Activity
Please restate, word for word, the lines below that begin at the one with "profile \<Rightarrow> 'a \<Rightarrow>" and end at the one with "(\<Sum>w\<in>outcomes E t.". Leave out all other lines.

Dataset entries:
⁂

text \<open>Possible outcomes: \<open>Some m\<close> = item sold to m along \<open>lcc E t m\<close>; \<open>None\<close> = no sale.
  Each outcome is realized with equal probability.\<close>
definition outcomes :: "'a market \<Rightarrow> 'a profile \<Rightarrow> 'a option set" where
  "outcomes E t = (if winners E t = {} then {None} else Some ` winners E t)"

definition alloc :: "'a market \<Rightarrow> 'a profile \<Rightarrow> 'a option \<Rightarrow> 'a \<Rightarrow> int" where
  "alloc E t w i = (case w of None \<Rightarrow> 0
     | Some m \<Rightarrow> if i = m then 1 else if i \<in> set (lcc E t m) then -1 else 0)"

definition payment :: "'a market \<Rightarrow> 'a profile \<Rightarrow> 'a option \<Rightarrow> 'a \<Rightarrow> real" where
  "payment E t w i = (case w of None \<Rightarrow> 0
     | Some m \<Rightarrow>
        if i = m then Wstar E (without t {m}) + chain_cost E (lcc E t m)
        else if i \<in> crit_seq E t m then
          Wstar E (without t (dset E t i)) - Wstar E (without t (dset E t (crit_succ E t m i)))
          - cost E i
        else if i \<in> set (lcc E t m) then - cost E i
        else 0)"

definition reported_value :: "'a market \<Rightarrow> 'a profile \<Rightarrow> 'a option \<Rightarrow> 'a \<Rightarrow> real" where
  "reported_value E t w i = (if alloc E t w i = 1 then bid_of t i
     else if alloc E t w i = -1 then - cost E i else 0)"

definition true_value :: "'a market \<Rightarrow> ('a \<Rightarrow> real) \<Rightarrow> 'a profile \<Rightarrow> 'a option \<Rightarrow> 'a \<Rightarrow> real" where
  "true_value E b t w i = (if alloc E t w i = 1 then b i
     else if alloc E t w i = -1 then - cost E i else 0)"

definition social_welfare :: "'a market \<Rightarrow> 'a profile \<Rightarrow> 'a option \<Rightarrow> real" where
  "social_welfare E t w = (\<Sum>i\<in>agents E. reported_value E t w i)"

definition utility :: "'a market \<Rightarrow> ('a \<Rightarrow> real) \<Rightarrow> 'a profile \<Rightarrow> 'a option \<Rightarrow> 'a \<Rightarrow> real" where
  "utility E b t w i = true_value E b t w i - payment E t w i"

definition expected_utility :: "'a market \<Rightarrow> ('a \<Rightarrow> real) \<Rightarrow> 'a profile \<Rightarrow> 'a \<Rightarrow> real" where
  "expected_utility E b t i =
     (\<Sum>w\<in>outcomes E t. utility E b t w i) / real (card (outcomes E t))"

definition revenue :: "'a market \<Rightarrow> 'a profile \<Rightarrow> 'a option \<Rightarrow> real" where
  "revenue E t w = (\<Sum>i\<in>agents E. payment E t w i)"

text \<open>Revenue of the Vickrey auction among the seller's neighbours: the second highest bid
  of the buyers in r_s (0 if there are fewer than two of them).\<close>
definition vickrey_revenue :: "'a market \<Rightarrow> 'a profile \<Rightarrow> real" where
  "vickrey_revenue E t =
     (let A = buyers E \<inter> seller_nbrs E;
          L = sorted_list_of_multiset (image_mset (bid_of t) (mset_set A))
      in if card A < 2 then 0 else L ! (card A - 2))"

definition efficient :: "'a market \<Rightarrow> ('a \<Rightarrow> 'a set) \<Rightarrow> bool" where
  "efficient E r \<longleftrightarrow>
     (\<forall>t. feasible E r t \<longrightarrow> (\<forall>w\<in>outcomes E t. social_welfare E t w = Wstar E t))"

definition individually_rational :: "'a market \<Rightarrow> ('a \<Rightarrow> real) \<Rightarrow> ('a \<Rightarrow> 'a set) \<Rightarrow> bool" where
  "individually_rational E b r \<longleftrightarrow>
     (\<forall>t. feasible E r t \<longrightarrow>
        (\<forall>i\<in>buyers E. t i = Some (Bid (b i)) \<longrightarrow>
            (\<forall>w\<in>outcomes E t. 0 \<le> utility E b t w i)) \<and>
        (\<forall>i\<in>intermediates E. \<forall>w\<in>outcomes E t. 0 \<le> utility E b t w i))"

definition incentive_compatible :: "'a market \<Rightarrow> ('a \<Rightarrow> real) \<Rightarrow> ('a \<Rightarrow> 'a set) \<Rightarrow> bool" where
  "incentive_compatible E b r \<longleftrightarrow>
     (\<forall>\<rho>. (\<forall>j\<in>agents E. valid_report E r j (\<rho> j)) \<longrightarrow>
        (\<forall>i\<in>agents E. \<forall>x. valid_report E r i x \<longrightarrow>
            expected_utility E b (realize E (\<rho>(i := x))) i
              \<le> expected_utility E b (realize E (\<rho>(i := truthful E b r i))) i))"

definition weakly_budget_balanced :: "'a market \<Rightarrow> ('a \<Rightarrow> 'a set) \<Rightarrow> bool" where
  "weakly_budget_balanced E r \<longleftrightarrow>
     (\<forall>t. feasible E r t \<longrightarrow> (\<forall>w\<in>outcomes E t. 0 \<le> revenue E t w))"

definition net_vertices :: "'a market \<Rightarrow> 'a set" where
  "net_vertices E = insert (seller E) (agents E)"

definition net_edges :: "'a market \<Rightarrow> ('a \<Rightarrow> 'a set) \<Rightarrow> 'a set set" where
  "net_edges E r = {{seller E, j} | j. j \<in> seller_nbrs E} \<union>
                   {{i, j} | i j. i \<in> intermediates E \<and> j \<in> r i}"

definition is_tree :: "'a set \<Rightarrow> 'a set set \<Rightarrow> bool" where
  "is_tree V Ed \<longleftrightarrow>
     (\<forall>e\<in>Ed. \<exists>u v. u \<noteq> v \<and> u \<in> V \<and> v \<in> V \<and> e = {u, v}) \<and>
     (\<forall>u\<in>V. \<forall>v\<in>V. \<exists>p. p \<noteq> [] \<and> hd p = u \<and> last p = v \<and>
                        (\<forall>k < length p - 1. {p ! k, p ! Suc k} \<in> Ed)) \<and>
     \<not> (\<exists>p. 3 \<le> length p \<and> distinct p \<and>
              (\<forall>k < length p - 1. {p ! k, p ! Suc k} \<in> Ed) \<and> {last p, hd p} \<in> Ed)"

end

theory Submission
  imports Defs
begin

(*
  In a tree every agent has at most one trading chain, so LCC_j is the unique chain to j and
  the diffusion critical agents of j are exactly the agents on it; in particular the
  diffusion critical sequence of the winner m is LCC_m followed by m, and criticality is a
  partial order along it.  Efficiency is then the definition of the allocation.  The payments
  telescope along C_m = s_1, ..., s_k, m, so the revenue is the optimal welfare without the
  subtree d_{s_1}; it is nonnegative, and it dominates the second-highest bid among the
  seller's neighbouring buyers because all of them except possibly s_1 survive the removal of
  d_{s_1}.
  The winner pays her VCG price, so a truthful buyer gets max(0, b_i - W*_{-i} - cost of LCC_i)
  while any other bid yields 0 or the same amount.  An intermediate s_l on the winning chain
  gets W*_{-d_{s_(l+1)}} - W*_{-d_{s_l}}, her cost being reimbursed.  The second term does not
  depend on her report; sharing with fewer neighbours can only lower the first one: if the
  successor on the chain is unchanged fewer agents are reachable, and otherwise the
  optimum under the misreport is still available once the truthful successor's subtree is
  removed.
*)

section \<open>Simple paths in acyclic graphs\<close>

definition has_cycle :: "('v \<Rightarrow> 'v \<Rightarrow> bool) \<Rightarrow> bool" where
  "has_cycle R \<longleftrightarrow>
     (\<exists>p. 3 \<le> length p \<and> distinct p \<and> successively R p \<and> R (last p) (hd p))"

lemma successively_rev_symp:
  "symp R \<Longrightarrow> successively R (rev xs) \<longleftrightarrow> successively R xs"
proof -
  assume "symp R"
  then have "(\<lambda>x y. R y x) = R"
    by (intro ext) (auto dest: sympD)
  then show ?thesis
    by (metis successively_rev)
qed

⁂

Answer to the exercise
definition expected_utility :: "'a market \<Rightarrow> ('a \<Rightarrow> real) \<Rightarrow> 'a profile \<Rightarrow> 'a \<Rightarrow> real" where
  "expected_utility E b t i =
     (\<Sum>w\<in>outcomes E t. utility E b t w i) / real (card (outcomes E t))"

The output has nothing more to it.